■ EXERCISE OBJECTIVE ■
Using the records below, quote only the span that opens with the line containing "fix s :: real assume" and closes with the line containing "unfolding \<phi>'_def c_def", exactly and inclusively.

■ AVAILABLE DATA ■

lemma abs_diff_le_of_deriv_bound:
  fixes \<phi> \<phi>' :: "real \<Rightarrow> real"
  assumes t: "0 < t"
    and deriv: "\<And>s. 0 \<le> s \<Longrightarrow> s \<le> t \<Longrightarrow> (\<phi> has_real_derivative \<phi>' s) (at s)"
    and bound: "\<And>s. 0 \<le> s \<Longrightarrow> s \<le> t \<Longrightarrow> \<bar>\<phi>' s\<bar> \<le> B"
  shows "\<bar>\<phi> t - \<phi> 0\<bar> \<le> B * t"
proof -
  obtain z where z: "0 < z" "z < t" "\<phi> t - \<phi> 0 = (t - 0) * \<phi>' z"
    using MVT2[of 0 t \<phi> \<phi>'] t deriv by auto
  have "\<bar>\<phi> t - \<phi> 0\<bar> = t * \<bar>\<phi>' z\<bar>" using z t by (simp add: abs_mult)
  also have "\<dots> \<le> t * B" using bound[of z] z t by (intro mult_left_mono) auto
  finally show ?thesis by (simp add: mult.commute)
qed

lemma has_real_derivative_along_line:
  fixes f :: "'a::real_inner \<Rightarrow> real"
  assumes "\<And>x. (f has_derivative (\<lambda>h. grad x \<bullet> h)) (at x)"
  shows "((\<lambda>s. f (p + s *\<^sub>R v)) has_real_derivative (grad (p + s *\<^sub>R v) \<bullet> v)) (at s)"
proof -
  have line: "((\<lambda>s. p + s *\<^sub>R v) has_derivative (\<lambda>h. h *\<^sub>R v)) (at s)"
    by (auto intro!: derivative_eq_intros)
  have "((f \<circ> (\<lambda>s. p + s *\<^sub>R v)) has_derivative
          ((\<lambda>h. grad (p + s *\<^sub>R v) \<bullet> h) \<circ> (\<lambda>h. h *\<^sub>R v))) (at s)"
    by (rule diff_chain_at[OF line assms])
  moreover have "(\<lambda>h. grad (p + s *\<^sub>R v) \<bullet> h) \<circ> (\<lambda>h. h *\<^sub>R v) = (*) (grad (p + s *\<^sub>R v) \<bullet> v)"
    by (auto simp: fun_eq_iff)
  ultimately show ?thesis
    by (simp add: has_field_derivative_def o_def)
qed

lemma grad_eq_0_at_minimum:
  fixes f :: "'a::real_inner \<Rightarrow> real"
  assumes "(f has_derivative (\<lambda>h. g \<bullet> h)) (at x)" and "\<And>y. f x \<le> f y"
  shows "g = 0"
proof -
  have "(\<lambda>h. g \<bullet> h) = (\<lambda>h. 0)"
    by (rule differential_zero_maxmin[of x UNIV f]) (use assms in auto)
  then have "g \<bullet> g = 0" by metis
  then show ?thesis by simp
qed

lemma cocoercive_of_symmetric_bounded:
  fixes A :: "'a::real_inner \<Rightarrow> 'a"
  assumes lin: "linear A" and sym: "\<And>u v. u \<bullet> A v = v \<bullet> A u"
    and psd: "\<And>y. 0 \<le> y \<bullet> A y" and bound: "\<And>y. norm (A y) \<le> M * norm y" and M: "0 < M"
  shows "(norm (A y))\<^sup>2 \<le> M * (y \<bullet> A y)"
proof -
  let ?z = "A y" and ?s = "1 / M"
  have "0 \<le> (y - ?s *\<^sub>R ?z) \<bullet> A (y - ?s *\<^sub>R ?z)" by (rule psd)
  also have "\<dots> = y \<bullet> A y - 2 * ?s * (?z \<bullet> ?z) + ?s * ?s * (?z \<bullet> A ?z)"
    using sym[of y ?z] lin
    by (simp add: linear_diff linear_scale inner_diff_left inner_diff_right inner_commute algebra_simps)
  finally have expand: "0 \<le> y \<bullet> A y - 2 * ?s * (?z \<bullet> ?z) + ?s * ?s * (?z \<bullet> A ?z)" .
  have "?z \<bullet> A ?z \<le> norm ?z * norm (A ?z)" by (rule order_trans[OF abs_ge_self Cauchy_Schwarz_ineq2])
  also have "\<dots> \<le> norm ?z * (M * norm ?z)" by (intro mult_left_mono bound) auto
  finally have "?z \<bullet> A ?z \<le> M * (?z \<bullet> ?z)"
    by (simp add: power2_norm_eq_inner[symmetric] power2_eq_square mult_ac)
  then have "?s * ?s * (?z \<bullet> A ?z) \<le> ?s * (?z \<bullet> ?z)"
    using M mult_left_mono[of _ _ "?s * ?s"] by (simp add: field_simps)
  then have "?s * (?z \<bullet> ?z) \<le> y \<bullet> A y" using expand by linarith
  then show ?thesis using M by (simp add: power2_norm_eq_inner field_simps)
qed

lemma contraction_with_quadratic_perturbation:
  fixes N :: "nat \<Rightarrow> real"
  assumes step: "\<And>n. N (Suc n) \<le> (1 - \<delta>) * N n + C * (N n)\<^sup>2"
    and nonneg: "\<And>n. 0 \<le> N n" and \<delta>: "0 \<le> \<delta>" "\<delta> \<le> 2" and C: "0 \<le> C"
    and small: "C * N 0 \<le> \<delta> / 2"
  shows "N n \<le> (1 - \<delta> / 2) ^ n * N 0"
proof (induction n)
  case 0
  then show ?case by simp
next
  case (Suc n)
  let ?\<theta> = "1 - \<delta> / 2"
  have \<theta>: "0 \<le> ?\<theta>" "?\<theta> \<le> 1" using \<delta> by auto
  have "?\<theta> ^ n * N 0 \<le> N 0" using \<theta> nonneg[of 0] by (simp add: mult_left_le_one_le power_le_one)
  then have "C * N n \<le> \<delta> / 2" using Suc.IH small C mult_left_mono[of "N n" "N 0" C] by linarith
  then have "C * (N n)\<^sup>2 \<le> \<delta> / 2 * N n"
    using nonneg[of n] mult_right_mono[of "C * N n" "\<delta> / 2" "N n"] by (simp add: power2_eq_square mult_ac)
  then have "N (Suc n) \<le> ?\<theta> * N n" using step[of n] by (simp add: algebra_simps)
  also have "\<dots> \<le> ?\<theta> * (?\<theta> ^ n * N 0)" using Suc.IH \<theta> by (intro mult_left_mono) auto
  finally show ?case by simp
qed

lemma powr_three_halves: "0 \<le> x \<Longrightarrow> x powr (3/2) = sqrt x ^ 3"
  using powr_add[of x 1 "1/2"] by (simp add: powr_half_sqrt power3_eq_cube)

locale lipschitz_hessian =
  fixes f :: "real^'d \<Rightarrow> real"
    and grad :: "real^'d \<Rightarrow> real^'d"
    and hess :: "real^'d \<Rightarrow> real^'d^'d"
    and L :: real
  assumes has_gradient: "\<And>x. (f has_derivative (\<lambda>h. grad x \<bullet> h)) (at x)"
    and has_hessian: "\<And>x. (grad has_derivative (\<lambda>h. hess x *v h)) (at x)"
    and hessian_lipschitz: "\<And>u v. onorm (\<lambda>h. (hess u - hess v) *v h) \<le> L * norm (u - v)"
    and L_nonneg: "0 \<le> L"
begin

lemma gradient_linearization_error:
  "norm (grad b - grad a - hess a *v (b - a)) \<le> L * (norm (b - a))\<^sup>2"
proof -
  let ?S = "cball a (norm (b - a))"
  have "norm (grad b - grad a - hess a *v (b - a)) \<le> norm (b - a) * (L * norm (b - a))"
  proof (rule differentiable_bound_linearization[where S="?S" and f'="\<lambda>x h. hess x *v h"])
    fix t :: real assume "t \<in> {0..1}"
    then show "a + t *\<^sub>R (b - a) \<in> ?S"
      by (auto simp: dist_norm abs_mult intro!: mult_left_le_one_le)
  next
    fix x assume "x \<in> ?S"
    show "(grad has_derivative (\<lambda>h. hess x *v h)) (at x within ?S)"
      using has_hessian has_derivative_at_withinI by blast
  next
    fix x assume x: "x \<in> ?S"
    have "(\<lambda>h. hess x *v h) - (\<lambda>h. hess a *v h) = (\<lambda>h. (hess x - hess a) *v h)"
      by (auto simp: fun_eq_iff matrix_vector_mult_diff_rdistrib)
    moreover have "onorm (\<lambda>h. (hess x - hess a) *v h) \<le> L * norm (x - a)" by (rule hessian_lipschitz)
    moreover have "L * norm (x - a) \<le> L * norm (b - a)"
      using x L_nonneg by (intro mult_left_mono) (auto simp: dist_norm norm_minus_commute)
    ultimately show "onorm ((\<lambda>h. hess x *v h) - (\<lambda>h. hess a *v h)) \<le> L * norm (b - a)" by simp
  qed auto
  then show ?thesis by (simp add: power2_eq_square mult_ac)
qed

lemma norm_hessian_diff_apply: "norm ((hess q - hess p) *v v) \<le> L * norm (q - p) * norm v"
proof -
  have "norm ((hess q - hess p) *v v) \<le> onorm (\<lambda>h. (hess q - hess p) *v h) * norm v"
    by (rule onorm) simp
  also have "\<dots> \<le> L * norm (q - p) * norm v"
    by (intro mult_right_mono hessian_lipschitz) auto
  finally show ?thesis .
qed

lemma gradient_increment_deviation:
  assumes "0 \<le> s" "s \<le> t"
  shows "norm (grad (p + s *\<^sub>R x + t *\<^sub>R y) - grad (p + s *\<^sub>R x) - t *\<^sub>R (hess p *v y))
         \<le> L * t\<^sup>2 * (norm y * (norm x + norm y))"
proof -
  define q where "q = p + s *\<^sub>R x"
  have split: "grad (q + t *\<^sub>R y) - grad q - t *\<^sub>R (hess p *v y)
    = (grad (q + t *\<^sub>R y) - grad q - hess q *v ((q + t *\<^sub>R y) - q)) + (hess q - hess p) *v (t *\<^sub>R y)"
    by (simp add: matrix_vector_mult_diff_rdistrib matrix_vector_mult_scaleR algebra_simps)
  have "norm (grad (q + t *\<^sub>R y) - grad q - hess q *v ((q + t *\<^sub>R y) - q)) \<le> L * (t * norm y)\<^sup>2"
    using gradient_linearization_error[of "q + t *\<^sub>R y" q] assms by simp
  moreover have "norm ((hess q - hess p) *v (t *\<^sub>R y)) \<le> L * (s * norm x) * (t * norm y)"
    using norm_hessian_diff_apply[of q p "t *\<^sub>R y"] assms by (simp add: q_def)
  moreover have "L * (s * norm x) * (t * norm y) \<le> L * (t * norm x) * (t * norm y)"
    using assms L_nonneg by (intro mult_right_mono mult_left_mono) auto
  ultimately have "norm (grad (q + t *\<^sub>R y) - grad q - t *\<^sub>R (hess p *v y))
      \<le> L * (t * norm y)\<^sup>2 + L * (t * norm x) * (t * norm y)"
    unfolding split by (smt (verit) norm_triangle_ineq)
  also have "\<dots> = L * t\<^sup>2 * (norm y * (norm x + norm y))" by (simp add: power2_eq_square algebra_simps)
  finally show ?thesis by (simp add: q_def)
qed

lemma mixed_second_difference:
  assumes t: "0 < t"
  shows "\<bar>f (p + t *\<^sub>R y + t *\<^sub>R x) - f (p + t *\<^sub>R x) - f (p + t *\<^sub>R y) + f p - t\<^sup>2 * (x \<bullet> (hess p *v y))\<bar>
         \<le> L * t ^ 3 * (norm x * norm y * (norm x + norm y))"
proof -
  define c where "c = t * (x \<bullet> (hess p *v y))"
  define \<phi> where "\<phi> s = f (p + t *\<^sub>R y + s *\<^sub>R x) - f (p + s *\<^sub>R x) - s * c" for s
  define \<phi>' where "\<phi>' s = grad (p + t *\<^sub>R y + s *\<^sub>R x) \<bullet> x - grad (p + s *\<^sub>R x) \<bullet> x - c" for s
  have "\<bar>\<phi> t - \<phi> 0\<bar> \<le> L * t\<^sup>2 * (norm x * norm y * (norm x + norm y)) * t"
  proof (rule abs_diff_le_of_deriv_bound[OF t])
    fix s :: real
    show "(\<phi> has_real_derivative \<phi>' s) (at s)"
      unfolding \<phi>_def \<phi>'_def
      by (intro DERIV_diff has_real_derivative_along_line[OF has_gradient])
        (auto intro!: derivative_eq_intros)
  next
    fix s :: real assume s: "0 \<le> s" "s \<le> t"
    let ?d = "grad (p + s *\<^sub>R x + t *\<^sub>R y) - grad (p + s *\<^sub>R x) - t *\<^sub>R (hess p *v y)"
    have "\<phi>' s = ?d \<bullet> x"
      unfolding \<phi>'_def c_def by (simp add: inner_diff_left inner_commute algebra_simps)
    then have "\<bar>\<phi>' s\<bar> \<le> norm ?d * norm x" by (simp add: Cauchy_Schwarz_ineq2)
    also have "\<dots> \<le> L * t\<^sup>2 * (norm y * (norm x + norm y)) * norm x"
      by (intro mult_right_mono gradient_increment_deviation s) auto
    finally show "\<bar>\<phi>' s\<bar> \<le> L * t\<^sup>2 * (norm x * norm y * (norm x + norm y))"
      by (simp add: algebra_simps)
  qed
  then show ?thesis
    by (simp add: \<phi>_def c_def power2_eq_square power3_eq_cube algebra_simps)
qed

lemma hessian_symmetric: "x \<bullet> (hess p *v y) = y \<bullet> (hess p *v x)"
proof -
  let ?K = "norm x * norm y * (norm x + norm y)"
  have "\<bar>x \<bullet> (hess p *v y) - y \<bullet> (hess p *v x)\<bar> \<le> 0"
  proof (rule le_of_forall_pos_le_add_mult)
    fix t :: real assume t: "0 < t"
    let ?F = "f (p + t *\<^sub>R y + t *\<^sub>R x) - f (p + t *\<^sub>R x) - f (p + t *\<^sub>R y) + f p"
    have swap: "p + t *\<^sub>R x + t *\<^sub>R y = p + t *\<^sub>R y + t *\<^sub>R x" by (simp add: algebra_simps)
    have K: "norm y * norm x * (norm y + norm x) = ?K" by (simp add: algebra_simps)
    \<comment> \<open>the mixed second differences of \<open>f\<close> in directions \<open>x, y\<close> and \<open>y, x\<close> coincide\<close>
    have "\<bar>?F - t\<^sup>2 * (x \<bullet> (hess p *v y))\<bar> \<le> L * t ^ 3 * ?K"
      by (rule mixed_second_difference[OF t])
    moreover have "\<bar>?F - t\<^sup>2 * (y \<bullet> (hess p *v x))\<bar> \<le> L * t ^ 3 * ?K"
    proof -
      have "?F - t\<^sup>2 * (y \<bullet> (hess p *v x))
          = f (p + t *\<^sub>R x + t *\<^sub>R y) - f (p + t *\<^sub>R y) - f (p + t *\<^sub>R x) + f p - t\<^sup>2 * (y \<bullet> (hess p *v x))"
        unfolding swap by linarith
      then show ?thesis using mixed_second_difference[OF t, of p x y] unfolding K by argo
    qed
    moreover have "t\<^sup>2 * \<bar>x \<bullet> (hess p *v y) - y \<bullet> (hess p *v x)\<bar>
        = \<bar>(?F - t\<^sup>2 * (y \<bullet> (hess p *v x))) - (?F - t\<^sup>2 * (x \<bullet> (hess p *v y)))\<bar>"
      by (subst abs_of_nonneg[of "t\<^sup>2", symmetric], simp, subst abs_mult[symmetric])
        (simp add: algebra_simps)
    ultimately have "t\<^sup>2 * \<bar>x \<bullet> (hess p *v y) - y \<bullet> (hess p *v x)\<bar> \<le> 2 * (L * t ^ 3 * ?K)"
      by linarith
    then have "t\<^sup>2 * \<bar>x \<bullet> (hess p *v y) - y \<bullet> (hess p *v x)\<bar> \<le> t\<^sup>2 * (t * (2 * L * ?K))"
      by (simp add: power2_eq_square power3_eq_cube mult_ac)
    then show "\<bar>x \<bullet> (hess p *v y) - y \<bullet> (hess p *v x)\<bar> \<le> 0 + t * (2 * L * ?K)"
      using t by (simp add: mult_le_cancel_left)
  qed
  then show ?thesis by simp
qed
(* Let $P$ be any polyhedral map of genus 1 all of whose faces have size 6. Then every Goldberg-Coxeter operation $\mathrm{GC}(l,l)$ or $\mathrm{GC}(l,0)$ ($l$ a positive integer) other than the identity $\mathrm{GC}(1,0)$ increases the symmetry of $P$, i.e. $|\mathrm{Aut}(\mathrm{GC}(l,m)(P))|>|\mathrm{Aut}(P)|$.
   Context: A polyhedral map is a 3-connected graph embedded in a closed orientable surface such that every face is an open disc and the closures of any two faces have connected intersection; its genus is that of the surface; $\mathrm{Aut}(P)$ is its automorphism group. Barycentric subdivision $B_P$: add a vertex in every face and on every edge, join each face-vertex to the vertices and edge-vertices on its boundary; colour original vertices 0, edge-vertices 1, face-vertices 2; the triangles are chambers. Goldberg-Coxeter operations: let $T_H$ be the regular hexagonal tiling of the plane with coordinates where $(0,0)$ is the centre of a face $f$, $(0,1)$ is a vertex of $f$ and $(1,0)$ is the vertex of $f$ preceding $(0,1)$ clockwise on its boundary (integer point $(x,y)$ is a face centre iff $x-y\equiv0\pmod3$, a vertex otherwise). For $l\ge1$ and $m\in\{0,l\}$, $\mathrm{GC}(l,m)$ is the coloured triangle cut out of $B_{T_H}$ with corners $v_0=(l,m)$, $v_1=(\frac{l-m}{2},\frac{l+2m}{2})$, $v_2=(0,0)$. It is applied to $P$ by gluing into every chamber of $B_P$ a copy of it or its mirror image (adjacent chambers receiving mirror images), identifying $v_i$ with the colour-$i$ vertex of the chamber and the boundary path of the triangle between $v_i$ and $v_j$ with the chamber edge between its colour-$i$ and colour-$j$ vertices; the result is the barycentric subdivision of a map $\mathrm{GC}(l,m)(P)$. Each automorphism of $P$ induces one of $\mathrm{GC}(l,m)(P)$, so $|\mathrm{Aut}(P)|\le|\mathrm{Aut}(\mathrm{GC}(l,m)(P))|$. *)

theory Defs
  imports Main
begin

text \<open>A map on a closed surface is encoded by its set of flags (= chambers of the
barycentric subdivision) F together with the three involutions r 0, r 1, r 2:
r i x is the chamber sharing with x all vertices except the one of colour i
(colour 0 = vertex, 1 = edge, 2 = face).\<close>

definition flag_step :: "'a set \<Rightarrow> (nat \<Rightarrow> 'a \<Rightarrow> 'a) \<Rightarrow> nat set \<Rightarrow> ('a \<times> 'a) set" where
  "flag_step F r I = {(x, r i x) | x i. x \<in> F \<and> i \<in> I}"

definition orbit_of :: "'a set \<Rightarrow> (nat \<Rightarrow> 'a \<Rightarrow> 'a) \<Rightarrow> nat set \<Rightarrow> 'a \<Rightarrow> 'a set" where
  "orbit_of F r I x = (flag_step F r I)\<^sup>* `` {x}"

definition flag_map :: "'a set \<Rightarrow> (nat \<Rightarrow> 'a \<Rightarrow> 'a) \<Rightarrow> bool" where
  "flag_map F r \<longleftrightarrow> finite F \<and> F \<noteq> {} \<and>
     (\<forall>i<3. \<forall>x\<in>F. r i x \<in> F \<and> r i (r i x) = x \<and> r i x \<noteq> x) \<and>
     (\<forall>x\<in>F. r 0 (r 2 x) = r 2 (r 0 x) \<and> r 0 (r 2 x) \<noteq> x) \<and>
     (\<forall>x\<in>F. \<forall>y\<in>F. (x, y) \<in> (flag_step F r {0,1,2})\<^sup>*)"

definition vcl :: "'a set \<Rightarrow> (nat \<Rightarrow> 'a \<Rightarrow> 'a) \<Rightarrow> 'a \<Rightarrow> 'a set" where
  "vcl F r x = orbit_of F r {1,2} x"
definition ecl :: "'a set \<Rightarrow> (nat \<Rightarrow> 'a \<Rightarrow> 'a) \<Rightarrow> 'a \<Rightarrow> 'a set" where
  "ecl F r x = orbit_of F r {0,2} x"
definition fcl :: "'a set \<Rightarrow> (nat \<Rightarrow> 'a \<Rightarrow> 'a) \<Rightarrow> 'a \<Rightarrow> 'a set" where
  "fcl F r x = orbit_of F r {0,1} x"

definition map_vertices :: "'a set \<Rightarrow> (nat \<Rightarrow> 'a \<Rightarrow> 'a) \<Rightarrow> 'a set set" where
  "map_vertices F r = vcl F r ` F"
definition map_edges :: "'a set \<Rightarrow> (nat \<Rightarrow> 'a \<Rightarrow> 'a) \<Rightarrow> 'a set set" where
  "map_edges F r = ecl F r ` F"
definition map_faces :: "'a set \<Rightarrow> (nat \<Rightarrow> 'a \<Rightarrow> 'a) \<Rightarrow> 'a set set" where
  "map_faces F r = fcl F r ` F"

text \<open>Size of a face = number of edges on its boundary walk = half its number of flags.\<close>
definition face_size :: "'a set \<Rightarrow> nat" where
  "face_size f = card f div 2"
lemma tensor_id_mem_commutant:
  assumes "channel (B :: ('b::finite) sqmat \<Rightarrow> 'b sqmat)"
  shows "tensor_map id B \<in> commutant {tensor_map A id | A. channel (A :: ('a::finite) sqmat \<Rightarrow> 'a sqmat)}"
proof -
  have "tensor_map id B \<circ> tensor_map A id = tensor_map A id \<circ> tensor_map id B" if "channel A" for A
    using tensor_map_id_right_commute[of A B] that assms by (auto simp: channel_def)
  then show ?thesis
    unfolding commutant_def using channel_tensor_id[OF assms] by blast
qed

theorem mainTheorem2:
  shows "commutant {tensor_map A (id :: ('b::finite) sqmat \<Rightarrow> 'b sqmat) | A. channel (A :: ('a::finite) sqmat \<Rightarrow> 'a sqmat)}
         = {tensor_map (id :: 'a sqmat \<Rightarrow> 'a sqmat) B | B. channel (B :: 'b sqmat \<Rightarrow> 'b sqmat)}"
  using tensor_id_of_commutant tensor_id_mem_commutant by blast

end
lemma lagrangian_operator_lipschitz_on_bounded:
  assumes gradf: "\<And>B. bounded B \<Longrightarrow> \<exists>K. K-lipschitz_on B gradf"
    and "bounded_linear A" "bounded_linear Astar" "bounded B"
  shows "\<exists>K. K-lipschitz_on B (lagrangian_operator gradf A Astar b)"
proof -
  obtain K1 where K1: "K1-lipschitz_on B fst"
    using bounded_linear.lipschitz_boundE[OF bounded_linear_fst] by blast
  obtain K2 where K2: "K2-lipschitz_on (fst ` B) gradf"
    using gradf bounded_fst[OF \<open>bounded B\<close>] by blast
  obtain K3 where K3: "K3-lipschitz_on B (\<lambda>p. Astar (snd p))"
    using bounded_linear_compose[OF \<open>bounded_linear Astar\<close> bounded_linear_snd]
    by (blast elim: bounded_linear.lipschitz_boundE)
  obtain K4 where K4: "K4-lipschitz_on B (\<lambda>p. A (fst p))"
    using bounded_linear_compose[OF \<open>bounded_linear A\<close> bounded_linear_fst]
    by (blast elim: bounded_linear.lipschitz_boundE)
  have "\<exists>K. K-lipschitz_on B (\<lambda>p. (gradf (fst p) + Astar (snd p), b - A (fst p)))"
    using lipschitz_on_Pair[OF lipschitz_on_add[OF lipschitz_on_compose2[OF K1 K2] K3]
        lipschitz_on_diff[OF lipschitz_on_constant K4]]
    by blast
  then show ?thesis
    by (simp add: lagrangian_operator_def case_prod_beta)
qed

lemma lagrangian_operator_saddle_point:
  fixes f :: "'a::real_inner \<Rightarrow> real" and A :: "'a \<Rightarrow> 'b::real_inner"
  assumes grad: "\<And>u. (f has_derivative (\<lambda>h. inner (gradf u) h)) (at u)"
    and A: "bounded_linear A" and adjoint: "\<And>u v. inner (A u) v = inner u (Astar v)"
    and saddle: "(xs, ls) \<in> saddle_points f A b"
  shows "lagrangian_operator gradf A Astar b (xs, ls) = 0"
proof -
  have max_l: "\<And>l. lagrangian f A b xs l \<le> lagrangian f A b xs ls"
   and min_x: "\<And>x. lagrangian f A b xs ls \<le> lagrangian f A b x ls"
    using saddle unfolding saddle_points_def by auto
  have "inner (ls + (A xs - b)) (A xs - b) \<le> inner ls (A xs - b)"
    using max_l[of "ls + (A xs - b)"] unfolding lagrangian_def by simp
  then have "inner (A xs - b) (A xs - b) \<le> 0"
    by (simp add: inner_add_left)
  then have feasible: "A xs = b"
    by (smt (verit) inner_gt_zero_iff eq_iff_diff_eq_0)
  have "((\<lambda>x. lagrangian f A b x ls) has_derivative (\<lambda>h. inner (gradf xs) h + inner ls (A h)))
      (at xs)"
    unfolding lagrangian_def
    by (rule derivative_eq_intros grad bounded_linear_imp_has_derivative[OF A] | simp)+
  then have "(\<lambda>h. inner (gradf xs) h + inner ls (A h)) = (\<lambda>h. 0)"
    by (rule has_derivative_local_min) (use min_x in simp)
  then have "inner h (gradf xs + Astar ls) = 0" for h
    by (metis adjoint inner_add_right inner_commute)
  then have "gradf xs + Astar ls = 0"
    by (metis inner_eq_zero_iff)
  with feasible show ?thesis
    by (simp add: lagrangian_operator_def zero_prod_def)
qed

■ ANSWER SPACE ■
    fix s :: real assume s: "0 \<le> s" "s \<le> t"
    let ?d = "grad (p + s *\<^sub>R x + t *\<^sub>R y) - grad (p + s *\<^sub>R x) - t *\<^sub>R (hess p *v y)"
    have "\<phi>' s = ?d \<bullet> x"
      unfolding \<phi>'_def c_def by (simp add: inner_diff_left inner_commute algebra_simps)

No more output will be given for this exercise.